Ingrid Betancourt
She’ll be here in SF on my birthday! I remember reading her first book before she was kidnapped and am super intrigued to see her in person.
The International Museum of Women presents Ingrid Betancourt for our latest Extraordinary Voices, Extraordinary Change Speaker Series. Former Colombian Senator and activist Ingrid Betancourt tells the story of her six and a half years of captivity in the Colombian jungle. In 2002, while campaigning as a candidate in the Colombian presidential elections, Betancourt was abducted by the FARC and was released in a dramatic 2008 rescue. Join us as she discusses her much-anticipated memoir, Even Silence Has an End: My Six Years of Captivity in the Colombian Jungle.
To learn more about Ingrid Betancourt’s political career, kidnapping and rescue, read this 2008 story from the museum’s Women, Power and Politics exhibition, Kidnapping a Candidate: Ingrid Betancourt’s Six-Year Ordeal.
Event details: Thursday, October 28, 2010 from 7:00-8:00pm, followed by book sale and signing with Book Passage. Schwab Center, 211 Main Street (at Howard), San Francisco, California. Seating is limited. Reserve your tickets now! An RSVP is required. For more information email events@imow.org or call 415-543-4669 ext. 27.

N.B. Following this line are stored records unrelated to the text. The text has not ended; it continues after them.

lemma mac_entry_pcompose_scale:
  assumes "k \<ge> 2" and "finite V1" and T: "tensor_hm_bipartite V1 T" and "\<alpha> ^ k = 1"
    and a: "a \<in> monomials n (n * (k - 1 - 1) + 1)"
  shows "smult (\<alpha> ^ sum b V1) (pcompose (mac_entry n k T a b) [:0, \<alpha>:])
       = smult (\<alpha> ^ Suc (sum a V1)) (mac_entry n k T a b)"
proof -
  define d where "d = k - 1"
  define i where "i = mac_sel n d a"
  define a' where "a' = a(i := a i - d)"
  define c where "c = tensor_coeff n k T i (\<lambda>j. b j - a' j)"
  have "d \<noteq> 0" and k: "k = Suc d" using assms(1) by (auto simp: d_def)
  have "d \<le> a i" using mac_sel_bound(2)[OF a] \<open>d \<noteq> 0\<close> by (simp add: i_def d_def)
  then have "a j = a' j + (if j = i then d else 0)" for j
    by (simp add: a'_def)
  then have sum_a: "sum a V1 = sum a' V1 + (if i \<in> V1 then d else 0)"
    using \<open>finite V1\<close> by (simp add: sum.distrib)
  have entry: "mac_entry n k T a b =
      (if a = b then [:0, 1:] else 0) - (if \<forall>j. a' j \<le> b j then [:c:] else 0)"
    by (simp add: mac_entry_def Let_def d_def i_def a'_def c_def)
  have sum_b: "sum b V1 = sum a' V1 + (if i \<in> V1 then 0 else 1)"
    if le: "\<forall>j. a' j \<le> b j" and "c \<noteq> 0"
  proof -
    obtain "is" where counts: "(\<lambda>j. count_list is j) = (\<lambda>j. b j - a' j)" and "T (i # is) \<noteq> 0"
      using sum.not_neutral_contains_not_neutral[OF \<open>c \<noteq> 0\<close>[unfolded c_def tensor_coeff_def]]
      by blast
    then have "length (filter (\<lambda>j. j \<in> V1) is) = (if i \<in> V1 then 0 else 1)"
      using tensor_hm_bipartite_tail[OF T] by blast
    moreover have "b j = a' j + count_list is j" for j
      using le fun_cong[OF counts, of j] by simp
    ultimately show ?thesis
      using \<open>finite V1\<close> by (simp add: sum.distrib sum_count_list_eq_length_filter)
  qed
  show ?thesis
  proof (cases "(\<forall>j. a' j \<le> b j) \<and> c \<noteq> 0")
    case True
    then have "sum a V1 \<noteq> sum b V1"
      using sum_a sum_b \<open>d \<noteq> 0\<close> by auto
    then have "mac_entry n k T a b = [:-c:]"
      using True unfolding entry by auto
    moreover have "\<alpha> ^ sum b V1 = \<alpha> ^ Suc (sum a V1)"
    proof (cases "i \<in> V1")
      case True
      then have "\<alpha> ^ Suc (sum a V1) = \<alpha> ^ k * \<alpha> ^ sum b V1"
        using sum_a sum_b \<open>(\<forall>j. a' j \<le> b j) \<and> c \<noteq> 0\<close> by (simp add: k power_add)
      with \<open>\<alpha> ^ k = 1\<close> show ?thesis by simp
    next
      case False
      then show ?thesis
        using sum_a sum_b \<open>(\<forall>j. a' j \<le> b j) \<and> c \<noteq> 0\<close> by simp
    qed
    ultimately show ?thesis by simp
  next
    case False
    then have "mac_entry n k T a b = (if a = b then [:0, 1:] else 0)"
      unfolding entry by auto
    then show ?thesis by (simp add: pcompose_pCons)
  qed
qed
lemma measurable_q_kernel:
  fixes k :: "(nat \<Rightarrow> 'v \<Rightarrow> 'a) \<Rightarrow> ('v \<Rightarrow> 'a) measure"
  assumes \<mu>: "\<mu> \<in> M1" and k: "prob_q_kernel q L k"
  shows "k \<in> PiM {..<q} (\<lambda>_. \<mu>) \<rightarrow>\<^sub>M prob_algebra cfg"
proof (rule measurable_prob_algebraI)
  let ?P = "PiM {..<q} (\<lambda>_. \<mu>)"
  have k_prob: "prob_space (k \<sigma>)" and k_sets: "sets (k \<sigma>) = sets cfg" if "\<sigma> \<in> space ?P" for \<sigma>
    using k that space_PiM_M1[OF \<mu>] by (auto simp: prob_q_kernel_def)
  show "prob_space (k \<sigma>)" if "\<sigma> \<in> space ?P" for \<sigma>
    using that by (rule k_prob)
  show "k \<in> ?P \<rightarrow>\<^sub>M subprob_algebra cfg"
  proof (rule measurable_subprob_algebra)
    fix A :: "('v \<Rightarrow> 'a) set" assume A: "A \<in> sets cfg"
    have "(\<lambda>x. x) \<in> ?P \<rightarrow>\<^sub>M qpow q (Fsub (- L))"
      unfolding qpow_def
      by (rule measurable_ident_PiM_subalgebra) (rule subalgebra_Fsub[OF M1D(2)[OF \<mu>]])
    moreover have "(\<lambda>\<sigma>. measure (k \<sigma>) A) \<in> borel_measurable (qpow q (Fsub (- L)))"
      using k A by (auto simp: prob_q_kernel_def)
    ultimately have "(\<lambda>\<sigma>. ennreal (measure (k \<sigma>) A)) \<in> borel_measurable ?P"
      by (simp add: measurable_compose[of "\<lambda>x. x"])
    then show "(\<lambda>\<sigma>. emeasure (k \<sigma>) A) \<in> borel_measurable ?P"
      by (rule measurable_cong[THEN iffD1, rotated])
        (simp add: k_prob finite_measure.emeasure_eq_measure prob_space.axioms(1))
  qed (use k_prob k_sets prob_space_imp_subprob_space in auto)
qed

Ingrid Betancourt will appear in conversation with Jeanne Carstensen, managing editor of The Bay Citizen, a nonprofit news organization in San Francisco that covers civic issues and produces the Bay Area pages of the New York Times. Previously, as managing editor of Salon, Carstensen worked on The Abu Ghraib Files, the magazine’s online archive of detainee abuse photos from the notorious U.S. military prison in Iraq. She was senior arts and features editor at SFGate.com and was awarded a National Arts Journalism Fellowship at Columbia University in 2001. While living in Costa Rica for six years, Carstensen covered human rights issues for Feminist International Radio Endeavor, a women’s program broadcast globally over shortwave radio.